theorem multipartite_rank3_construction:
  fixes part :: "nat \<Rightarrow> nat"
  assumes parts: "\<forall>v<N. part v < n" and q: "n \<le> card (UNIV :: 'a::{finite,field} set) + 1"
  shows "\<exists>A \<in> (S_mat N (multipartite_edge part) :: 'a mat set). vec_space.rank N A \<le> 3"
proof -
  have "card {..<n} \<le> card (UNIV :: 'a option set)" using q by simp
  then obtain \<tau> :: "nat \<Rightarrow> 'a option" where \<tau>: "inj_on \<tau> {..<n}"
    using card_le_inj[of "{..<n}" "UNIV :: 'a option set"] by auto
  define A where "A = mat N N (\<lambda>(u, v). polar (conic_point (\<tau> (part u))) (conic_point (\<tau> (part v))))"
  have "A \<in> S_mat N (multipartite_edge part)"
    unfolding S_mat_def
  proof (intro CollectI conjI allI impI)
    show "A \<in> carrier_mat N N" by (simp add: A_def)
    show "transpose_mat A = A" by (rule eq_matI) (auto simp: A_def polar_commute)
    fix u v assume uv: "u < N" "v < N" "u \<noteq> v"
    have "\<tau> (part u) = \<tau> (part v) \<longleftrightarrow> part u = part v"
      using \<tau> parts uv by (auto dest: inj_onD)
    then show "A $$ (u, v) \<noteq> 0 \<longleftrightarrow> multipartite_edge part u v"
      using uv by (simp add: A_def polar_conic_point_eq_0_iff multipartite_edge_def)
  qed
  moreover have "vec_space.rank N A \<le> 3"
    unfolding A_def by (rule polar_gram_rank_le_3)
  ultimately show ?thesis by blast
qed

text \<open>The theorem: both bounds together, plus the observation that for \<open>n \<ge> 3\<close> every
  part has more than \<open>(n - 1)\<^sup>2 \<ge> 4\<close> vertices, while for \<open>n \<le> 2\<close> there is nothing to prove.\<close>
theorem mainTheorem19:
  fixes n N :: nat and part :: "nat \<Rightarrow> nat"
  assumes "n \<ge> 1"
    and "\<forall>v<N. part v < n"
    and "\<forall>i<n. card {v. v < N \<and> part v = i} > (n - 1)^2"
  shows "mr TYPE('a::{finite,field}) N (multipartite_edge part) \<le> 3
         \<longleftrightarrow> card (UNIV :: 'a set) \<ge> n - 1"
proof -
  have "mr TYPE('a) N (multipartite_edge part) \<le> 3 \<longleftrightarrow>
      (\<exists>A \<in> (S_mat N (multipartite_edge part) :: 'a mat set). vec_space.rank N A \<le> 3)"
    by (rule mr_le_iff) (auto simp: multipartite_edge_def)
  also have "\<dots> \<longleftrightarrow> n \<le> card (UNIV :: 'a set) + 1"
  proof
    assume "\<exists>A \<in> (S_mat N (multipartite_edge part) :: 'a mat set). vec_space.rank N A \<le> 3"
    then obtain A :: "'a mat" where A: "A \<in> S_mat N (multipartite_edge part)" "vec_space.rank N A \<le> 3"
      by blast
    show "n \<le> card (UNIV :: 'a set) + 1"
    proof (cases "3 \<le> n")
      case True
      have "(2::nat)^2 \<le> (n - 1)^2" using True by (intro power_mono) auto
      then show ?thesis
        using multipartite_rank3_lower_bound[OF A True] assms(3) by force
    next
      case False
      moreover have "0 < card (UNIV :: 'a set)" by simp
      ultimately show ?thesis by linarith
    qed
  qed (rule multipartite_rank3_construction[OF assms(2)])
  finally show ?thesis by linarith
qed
--
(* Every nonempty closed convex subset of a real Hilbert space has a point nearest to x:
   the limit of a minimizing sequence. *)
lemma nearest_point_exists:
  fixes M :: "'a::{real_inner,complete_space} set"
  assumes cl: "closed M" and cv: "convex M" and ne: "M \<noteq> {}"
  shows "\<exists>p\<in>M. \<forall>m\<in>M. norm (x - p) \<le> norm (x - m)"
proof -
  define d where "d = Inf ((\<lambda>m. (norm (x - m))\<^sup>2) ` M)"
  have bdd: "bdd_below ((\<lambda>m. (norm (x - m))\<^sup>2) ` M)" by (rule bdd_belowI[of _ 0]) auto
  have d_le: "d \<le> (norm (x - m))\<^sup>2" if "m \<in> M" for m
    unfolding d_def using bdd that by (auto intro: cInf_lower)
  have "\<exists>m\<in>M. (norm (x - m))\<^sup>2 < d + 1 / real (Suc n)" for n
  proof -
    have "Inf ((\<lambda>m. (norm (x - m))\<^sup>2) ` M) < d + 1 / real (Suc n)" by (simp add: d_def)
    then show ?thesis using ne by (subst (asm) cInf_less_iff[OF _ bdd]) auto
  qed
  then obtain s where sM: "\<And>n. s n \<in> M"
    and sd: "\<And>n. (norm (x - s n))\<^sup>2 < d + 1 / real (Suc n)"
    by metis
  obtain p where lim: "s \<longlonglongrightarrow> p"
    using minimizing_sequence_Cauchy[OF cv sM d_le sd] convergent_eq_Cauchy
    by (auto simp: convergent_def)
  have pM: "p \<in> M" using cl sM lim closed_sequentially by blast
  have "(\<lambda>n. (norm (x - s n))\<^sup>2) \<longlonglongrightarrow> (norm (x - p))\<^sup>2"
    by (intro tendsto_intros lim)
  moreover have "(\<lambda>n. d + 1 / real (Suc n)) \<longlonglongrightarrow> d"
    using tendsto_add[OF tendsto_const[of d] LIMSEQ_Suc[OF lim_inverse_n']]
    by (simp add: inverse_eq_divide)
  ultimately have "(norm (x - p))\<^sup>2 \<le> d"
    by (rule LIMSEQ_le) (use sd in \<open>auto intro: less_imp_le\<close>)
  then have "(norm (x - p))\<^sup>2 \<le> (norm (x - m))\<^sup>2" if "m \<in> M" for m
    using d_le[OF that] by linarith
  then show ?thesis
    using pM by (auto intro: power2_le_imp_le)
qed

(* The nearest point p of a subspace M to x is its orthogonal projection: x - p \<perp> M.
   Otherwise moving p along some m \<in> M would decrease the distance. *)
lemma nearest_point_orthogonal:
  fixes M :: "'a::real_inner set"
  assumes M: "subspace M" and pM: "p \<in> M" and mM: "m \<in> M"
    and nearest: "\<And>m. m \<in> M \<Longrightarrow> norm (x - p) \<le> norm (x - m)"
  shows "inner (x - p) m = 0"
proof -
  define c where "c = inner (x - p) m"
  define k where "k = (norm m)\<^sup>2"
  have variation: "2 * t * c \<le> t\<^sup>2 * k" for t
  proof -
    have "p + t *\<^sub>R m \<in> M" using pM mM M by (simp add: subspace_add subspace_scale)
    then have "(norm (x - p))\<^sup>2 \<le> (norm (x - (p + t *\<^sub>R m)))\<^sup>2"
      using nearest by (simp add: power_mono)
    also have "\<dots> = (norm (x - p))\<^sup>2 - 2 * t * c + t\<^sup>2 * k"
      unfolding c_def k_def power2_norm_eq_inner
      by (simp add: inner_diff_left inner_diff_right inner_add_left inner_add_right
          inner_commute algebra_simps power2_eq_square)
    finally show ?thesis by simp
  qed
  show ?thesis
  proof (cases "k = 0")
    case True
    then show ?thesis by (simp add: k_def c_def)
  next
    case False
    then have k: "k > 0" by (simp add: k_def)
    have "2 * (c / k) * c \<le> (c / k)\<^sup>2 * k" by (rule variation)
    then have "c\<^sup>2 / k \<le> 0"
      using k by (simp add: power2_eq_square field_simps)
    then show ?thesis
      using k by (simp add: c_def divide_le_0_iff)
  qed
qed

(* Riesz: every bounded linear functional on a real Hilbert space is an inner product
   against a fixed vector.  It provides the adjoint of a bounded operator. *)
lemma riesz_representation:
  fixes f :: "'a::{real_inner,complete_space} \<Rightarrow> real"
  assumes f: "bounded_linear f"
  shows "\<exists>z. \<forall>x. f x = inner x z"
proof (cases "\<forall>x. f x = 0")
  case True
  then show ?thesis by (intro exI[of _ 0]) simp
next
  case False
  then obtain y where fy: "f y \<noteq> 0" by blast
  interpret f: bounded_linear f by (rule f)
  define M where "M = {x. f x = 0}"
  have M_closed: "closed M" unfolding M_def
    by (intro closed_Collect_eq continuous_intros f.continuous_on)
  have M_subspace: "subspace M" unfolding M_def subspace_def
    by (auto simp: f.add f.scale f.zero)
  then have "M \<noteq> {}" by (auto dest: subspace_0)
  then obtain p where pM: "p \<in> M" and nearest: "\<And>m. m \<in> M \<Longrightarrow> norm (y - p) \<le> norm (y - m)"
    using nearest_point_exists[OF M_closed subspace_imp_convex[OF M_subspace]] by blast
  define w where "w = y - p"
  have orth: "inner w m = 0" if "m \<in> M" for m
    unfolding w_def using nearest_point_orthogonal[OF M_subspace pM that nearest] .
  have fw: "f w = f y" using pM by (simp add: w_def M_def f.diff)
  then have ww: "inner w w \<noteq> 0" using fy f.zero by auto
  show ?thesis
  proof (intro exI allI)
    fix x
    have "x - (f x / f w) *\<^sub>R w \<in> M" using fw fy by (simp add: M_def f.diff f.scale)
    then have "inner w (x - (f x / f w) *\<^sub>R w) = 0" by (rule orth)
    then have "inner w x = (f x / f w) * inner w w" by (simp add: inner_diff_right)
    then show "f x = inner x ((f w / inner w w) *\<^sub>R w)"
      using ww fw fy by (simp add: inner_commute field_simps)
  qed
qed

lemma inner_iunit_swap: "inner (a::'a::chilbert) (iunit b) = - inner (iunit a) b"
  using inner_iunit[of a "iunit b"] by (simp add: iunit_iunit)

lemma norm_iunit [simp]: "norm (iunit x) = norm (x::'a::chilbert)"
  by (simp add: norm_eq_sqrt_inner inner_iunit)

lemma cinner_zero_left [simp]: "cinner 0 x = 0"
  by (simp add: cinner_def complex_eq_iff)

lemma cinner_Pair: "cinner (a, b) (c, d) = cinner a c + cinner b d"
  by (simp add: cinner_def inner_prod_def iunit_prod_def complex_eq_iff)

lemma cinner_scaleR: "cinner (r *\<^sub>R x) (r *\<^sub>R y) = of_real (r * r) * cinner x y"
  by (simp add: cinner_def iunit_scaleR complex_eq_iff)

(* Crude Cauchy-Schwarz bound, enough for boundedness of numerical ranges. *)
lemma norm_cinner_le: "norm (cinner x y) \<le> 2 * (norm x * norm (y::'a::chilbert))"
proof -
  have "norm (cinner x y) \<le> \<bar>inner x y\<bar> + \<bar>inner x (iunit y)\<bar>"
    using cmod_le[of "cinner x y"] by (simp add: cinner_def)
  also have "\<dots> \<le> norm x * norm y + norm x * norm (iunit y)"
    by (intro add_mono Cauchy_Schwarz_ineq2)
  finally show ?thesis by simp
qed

- [What is needed]: Filter on the word "that": copy each matching line from the entries above.

- [Exercise solution]:
text \<open>The theorem: both bounds together, plus the observation that for \<open>n \<ge> 3\<close> every
    unfolding d_def using bdd that by (auto intro: cInf_lower)
    using d_le[OF that] by linarith
    unfolding w_def using nearest_point_orthogonal[OF M_subspace pM that nearest] .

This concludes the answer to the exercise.